Does my crowd look big in this?
Ahead of NZ First's annual conference this weekend, both Winston Peters and Act leader David Seymour have taken to tweeting photos of the crowds that turn up to their public meetings and mocking the other. After Peters noted Seymour still didn't know to fill a town hall, Seymour has spent the week tweeting photos of his audience.
On Sunday in Tauranga we had the second in a series of meetings we are holding around the country and it was great to have yet another packed hall. pic.twitter.com/xe8ghqjM13
There were good crowds for both Seymour and Peters in Tauranga, and Seymour also did well in Hastings and Feilding. But in Dannevirke only about 30 or 40 people turned up. To Seymour's credit, it was still tweeted - but described as "engaged" rather than large.
A stop off in Dannevirke with Karen Chhour before Palmy tonight.
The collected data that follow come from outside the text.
lemma sum_mset_add_mset_remove:
  "(\<Sum>v\<in>#add_mset x N. \<phi> v (add_mset x N - {#v#})) = \<phi> x N + (\<Sum>v\<in>#N. \<phi> v (add_mset x (N - {#v#})))"
proof -
  have "add_mset x N - {#v#} = add_mset x (N - {#v#})" if "v \<in># N" for v
    using that by (metis add_mset_commute add_mset_remove_trivial insert_DiffM)
  then show ?thesis
    by (simp cong: image_mset_cong)
qed

lemma sum_mset_replace: "v \<in># M \<Longrightarrow> \<Sum>\<^sub># (add_mset w (M - {#v#})) + v = \<Sum>\<^sub># M + w"
  by (metis add.commute add.left_commute insert_DiffM sum_mset.add_mset)

definition mset_move :: "('a \<Rightarrow> real) \<Rightarrow> ('a \<Rightarrow> 'a) \<Rightarrow> ('a multiset \<Rightarrow> real) \<Rightarrow> 'a multiset \<Rightarrow> real"
  where "mset_move c f G M = (\<Sum>v\<in>#M. c v * G (add_mset (f v) (M - {#v#})))"

lemma linear_mset_move: "linear (mset_move c f)"
  by (rule linearI)
    (simp_all add: mset_move_def fun_eq_iff distrib_left sum_mset.distrib sum_mset_distrib_left mult.left_commute)

lemma mset_move_nonzero:
  assumes "mset_move c f G M \<noteq> 0"
  obtains v where "v \<in># M" "c v \<noteq> 0" "G (add_mset (f v) (M - {#v#})) \<noteq> 0"
proof -
  have "\<exists>v\<in>#M. c v * G (add_mset (f v) (M - {#v#})) \<noteq> 0"
  proof (rule ccontr)
    assume "\<not> ?thesis"
    then have "mset_move c f G M = (\<Sum>v\<in>#M. 0)"
      unfolding mset_move_def by (intro arg_cong[where f = sum_mset] image_mset_cong) auto
    with assms show False
      by simp
  qed
  then show thesis
    using that by auto
qed

lemma mset_move_add_mset:
  "mset_move c f G (add_mset x N) =
    c x * G (add_mset (f x) N) + (\<Sum>v\<in>#N. c v * G (add_mset (f v) (add_mset x (N - {#v#}))))"
  unfolding mset_move_def by (rule sum_mset_add_mset_remove)

lemma mset_move_mset_move:
  assumes "\<And>u. a u \<noteq> 0 \<Longrightarrow> g (f u) = u"
  shows "mset_move a f (mset_move b g G) M =
    (\<Sum>u\<in>#M. a u * b (f u)) * G M +
    (\<Sum>u\<in>#M. \<Sum>w\<in>#M - {#u#}. a u * b w * G (add_mset (f u) (add_mset (g w) (M - {#u#} - {#w#}))))"
proof -
  have "a u * mset_move b g G (add_mset (f u) (M - {#u#})) =
      a u * b (f u) * G M + (\<Sum>w\<in>#M - {#u#}. a u * b w * G (add_mset (f u) (add_mset (g w) (M - {#u#} - {#w#}))))"
    if "u \<in># M" for u
  proof (cases "a u = 0")
    case False
    then show ?thesis
      using that assms[OF False]
      by (simp add: mset_move_add_mset sum_mset_distrib_left algebra_simps add_mset_commute)
  qed simp
  then show ?thesis
    unfolding mset_move_def[of a] by (simp add: sum_mset.distrib sum_mset_distrib_right cong: image_mset_cong)
qed

lemma mset_move_commutator:
  assumes "\<And>u. a u \<noteq> 0 \<Longrightarrow> g (f u) = u" and "\<And>w. b w \<noteq> 0 \<Longrightarrow> f (g w) = w"
  shows "mset_move a f (mset_move b g G) M - mset_move b g (mset_move a f G) M =
    (\<Sum>u\<in>#M. a u * b (f u) - b u * a (g u)) * G M"
proof -
  let ?\<Phi> = "\<lambda>u w. a u * b w * G (add_mset (f u) (add_mset (g w) (M - {#u#} - {#w#})))"
  have "(\<Sum>w\<in>#M. \<Sum>u\<in>#M - {#w#}. b w * a u * G (add_mset (g w) (add_mset (f u) (M - {#w#} - {#u#})))) =
      (\<Sum>w\<in>#M. \<Sum>u\<in>#M - {#w#}. ?\<Phi> u w)"
    by (simp add: add_mset_commute diff_right_commute mult.commute)
  then show ?thesis
    using mset_move_mset_move[of a g f b G M] mset_move_mset_move[of b f g a G M] assms
      sum_mset_offdiag_swap[of ?\<Phi> M]
    by (simp add: sum_mset_subtractf left_diff_distrib)
qed

section \<open>Moving one element of a set\<close>

lemma sum_offdiag_swap:
  assumes "finite S"
  shows "(\<Sum>u\<in>S. \<Sum>w\<in>S - {u}. \<Phi> u w) = (\<Sum>w\<in>S. \<Sum>u\<in>S - {w}. \<Phi> u w)"
proof -
  have "S - {x} = {y\<in>S. x \<noteq> y}" "S - {x} = {y\<in>S. y \<noteq> x}" for x
    by auto
  then show ?thesis
    using sum.swap_restrict[OF assms assms, of \<Phi> "\<lambda>u w. u \<noteq> w"] by simp
qed

lemma sum_unmatched_diff:
  fixes a b :: "'a \<Rightarrow> 'b::comm_ring"
  assumes "finite S"
    and "\<And>u. a u * b (f u) \<noteq> 0 \<Longrightarrow> g (f u) = u"
    and "\<And>w. b w * a (g w) \<noteq> 0 \<Longrightarrow> f (g w) = w"
  shows "(\<Sum>u\<in>S. if f u \<in> S then 0 else a u * b (f u)) - (\<Sum>w\<in>S. if g w \<in> S then 0 else b w * a (g w)) =
    (\<Sum>u\<in>S. a u * b (f u) - b u * a (g u))"
proof -
  let ?P = "{u\<in>S. f u \<in> S \<and> a u * b (f u) \<noteq> 0}" and ?Q = "{w\<in>S. g w \<in> S \<and> b w * a (g w) \<noteq> 0}"
  have split: "(\<Sum>x\<in>S. \<phi> x) = (\<Sum>x\<in>S. if h x \<in> S then 0 else \<phi> x) + (\<Sum>x\<in>{x\<in>S. h x \<in> S \<and> \<phi> x \<noteq> 0}. \<phi> x)"
    for \<phi> :: "'a \<Rightarrow> 'b" and h
    unfolding sum.inter_filter[OF \<open>finite S\<close>] sum.distrib[symmetric] by (rule sum.cong) auto
  have "(\<Sum>u\<in>?P. a u * b (f u)) = (\<Sum>w\<in>?Q. b w * a (g w))"
    by (rule sum.reindex_bij_witness[where i = g and j = f]) (use assms in \<open>auto simp: mult.commute\<close>)
  then show ?thesis
    using split[of "\<lambda>u. a u * b (f u)" f] split[of "\<lambda>w. b w * a (g w)" g] by (simp add: sum_subtractf)
qed

lemma sum_replace:
  "finite S \<Longrightarrow> v \<in> S \<Longrightarrow> w \<notin> S - {v} \<Longrightarrow> (\<Sum>u\<in>insert w (S - {v}). u) + v = (\<Sum>u\<in>S. u) + w"
  by (simp add: sum.remove add_ac)

definition set_move :: "('a \<Rightarrow> real) \<Rightarrow> ('a \<Rightarrow> 'a) \<Rightarrow> ('a set \<Rightarrow> real) \<Rightarrow> 'a set \<Rightarrow> real"
  where "set_move c f G S = (\<Sum>v\<in>S. if f v \<in> S then 0 else c v * G (insert (f v) (S - {v})))"

lemma linear_set_move: "linear (set_move c f)"
  by (rule linearI)
    (auto simp: set_move_def fun_eq_iff sum.distrib[symmetric] sum_distrib_left algebra_simps intro!: sum.cong)

lemma set_move_nonzero:
  assumes "set_move c f G S \<noteq> 0"
  obtains v where "v \<in> S" "f v \<notin> S" "c v \<noteq> 0" "G (insert (f v) (S - {v})) \<noteq> 0"
proof -
  obtain v where "v \<in> S" "(if f v \<in> S then 0 else c v * G (insert (f v) (S - {v}))) \<noteq> 0"
    using sum.not_neutral_contains_not_neutral[OF assms[unfolded set_move_def]] by blast
  then show thesis
    using that by (simp split: if_splits)
qed

lemma set_move_insert:
  assumes "finite N" "x \<notin> N"
  shows "set_move c f G (insert x N) =
    (if f x \<in> insert x N then 0 else c x * G (insert (f x) N)) +
    (\<Sum>v\<in>N. if f v \<in> insert x N then 0 else c v * G (insert (f v) (insert x (N - {v}))))"
proof -
  have "set_move c f G (insert x N) =
      (if f x \<in> insert x N then 0 else c x * G (insert (f x) N)) +
      (\<Sum>v\<in>N. if f v \<in> insert x N then 0 else c v * G (insert (f v) (insert x N - {v})))"
    using assms by (simp add: set_move_def)
  also have "(\<Sum>v\<in>N. if f v \<in> insert x N then 0 else c v * G (insert (f v) (insert x N - {v}))) =
      (\<Sum>v\<in>N. if f v \<in> insert x N then 0 else c v * G (insert (f v) (insert x (N - {v}))))"
    by (rule sum.cong[OF refl]) (use assms in \<open>auto simp: insert_Diff_if\<close>)
  finally show ?thesis .
qed

lemma set_move_set_move:
  assumes "finite S"
    and inv_f: "\<And>u. a u \<noteq> 0 \<Longrightarrow> g (f u) = u \<and> f u \<noteq> u"
    and inv_g: "\<And>w. b w \<noteq> 0 \<Longrightarrow> f (g w) = w"
  shows "set_move a f (set_move b g G) S =
    (\<Sum>u\<in>S. if f u \<in> S then 0 else a u * b (f u)) * G S +
    (\<Sum>u\<in>S. \<Sum>w\<in>S - {u}. if f u \<in> S \<or> g w \<in> S \<or> g w = f u then 0
      else a u * b w * G (insert (f u) (insert (g w) (S - {u} - {w}))))"
proof -
  have "(if f u \<in> S then 0 else a u * set_move b g G (insert (f u) (S - {u}))) =
      (if f u \<in> S then 0 else a u * b (f u)) * G S +
      (\<Sum>w\<in>S - {u}. if f u \<in> S \<or> g w \<in> S \<or> g w = f u then 0
        else a u * b w * G (insert (f u) (insert (g w) (S - {u} - {w}))))"
    if u: "u \<in> S" for u
  proof (cases "f u \<in> S \<or> a u = 0")
    case False
    then have fu: "g (f u) = u" "f u \<noteq> u" "f u \<notin> S"
      using inv_f by auto
    let ?S' = "insert (f u) (S - {u})"
    have "a u * set_move b g G ?S' = a u * b (f u) * G S +
        (\<Sum>w\<in>S - {u}. a u * (if g w \<in> ?S' then 0 else b w * G (insert (g w) (insert (f u) (S - {u} - {w})))))"
      using \<open>finite S\<close> fu u
      by (simp add: set_move_insert sum_distrib_left distrib_left insert_absorb)
    also have "\<dots> = a u * b (f u) * G S +
        (\<Sum>w\<in>S - {u}. if f u \<in> S \<or> g w \<in> S \<or> g w = f u then 0
          else a u * b w * G (insert (f u) (insert (g w) (S - {u} - {w}))))"
    proof (rule arg_cong[where f = "(+) _"], rule sum.cong[OF refl])
      fix w assume "w \<in> S - {u}"
      then show "a u * (if g w \<in> ?S' then 0 else b w * G (insert (g w) (insert (f u) (S - {u} - {w})))) =
          (if f u \<in> S \<or> g w \<in> S \<or> g w = f u then 0
            else a u * b w * G (insert (f u) (insert (g w) (S - {u} - {w}))))"
        using inv_g[of w] fu by (cases "b w = 0") (auto simp: insert_commute)
    qed
    finally show ?thesis
      using fu by simp
  next
    case True
    then show ?thesis
      by (auto cong: if_cong)
  qed
  then show ?thesis
    unfolding set_move_def[of a] by (simp add: sum.distrib sum_distrib_right cong: sum.cong)
qed

lemma set_move_commutator:
  assumes "\<And>u. a u \<noteq> 0 \<Longrightarrow> g (f u) = u \<and> f u \<noteq> u" and "\<And>w. b w \<noteq> 0 \<Longrightarrow> f (g w) = w \<and> g w \<noteq> w"
  shows "set_move a f (set_move b g G) S - set_move b g (set_move a f G) S =
    (\<Sum>u\<in>S. a u * b (f u) - b u * a (g u)) * G S"
proof (cases "finite S")
  case False
  then show ?thesis
    by (simp add: set_move_def)
next
  case True
  let ?\<Phi> = "\<lambda>u w. if f u \<in> S \<or> g w \<in> S \<or> g w = f u then 0
    else a u * b w * G (insert (f u) (insert (g w) (S - {u} - {w})))"
  have "(\<Sum>w\<in>S. \<Sum>u\<in>S - {w}. if g w \<in> S \<or> f u \<in> S \<or> f u = g w then 0
        else b w * a u * G (insert (g w) (insert (f u) (S - {w} - {u})))) =
      (\<Sum>w\<in>S. \<Sum>u\<in>S - {w}. ?\<Phi> u w)"
    by (intro sum.cong refl) (auto simp: insert_commute Diff_insert2[symmetric] mult.commute)
  moreover have "(\<Sum>u\<in>S. if f u \<in> S then 0 else a u * b (f u)) - (\<Sum>w\<in>S. if g w \<in> S then 0 else b w * a (g w)) =
      (\<Sum>u\<in>S. a u * b (f u) - b u * a (g u))"
    using True assms by (intro sum_unmatched_diff) auto
  ultimately show ?thesis
    using set_move_set_move[of S a g f b G] set_move_set_move[of S b f g a G] True assms
      sum_offdiag_swap[OF True, of ?\<Phi>]
    by (simp add: left_diff_distrib[symmetric])
qed

section \<open>The sl2 action on vector partitions\<close>

definition shift_left :: "nat \<times> nat \<Rightarrow> nat \<times> nat"
  where "shift_left v = (fst v - 1, snd v + 1)"

definition shift_right :: "nat \<times> nat \<Rightarrow> nat \<times> nat"
  where "shift_right v = (fst v + 1, snd v - 1)"

definition raise_coeff :: "nat \<times> nat \<Rightarrow> real"
  where "raise_coeff v = (if fst v = 0 then 0 else real (snd v + 1))"

definition lower_coeff :: "nat \<times> nat \<Rightarrow> real"
  where "lower_coeff v = (if snd v = 0 then 0 else real (fst v + 1))"

abbreviation raise_mset :: "((nat \<times> nat) multiset \<Rightarrow> real) \<Rightarrow> (nat \<times> nat) multiset \<Rightarrow> real"
  where "raise_mset \<equiv> mset_move raise_coeff shift_left"

abbreviation lower_mset :: "((nat \<times> nat) multiset \<Rightarrow> real) \<Rightarrow> (nat \<times> nat) multiset \<Rightarrow> real"
  where "lower_mset \<equiv> mset_move lower_coeff shift_right"

abbreviation raise_set :: "((nat \<times> nat) set \<Rightarrow> real) \<Rightarrow> (nat \<times> nat) set \<Rightarrow> real"
  where "raise_set \<equiv> set_move raise_coeff shift_left"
A really engaged crowd, looking for real change. pic.twitter.com/8o2SW081Vu
When Beehive Diaries poked fun about the contest for biggest audience, Seymour noted while Peters had done two speeches in three months, he had turned up night after night all over New Zealand - and then sent a picture of a massive Chinese Communist Party meeting, claiming it was his latest audience size.
Quote of the Week:
"I've never been one to read particularly into local government elections in that way, or to make those direct comparisons... Local government you see it move in its own rhythms across the country." Prime Minister Jacinda Ardern's take on whether the defeats of Efeso Collins and Paul Eagle - the two mayoral candidates she endorsed as Labour leader - reflected trouble for Labour.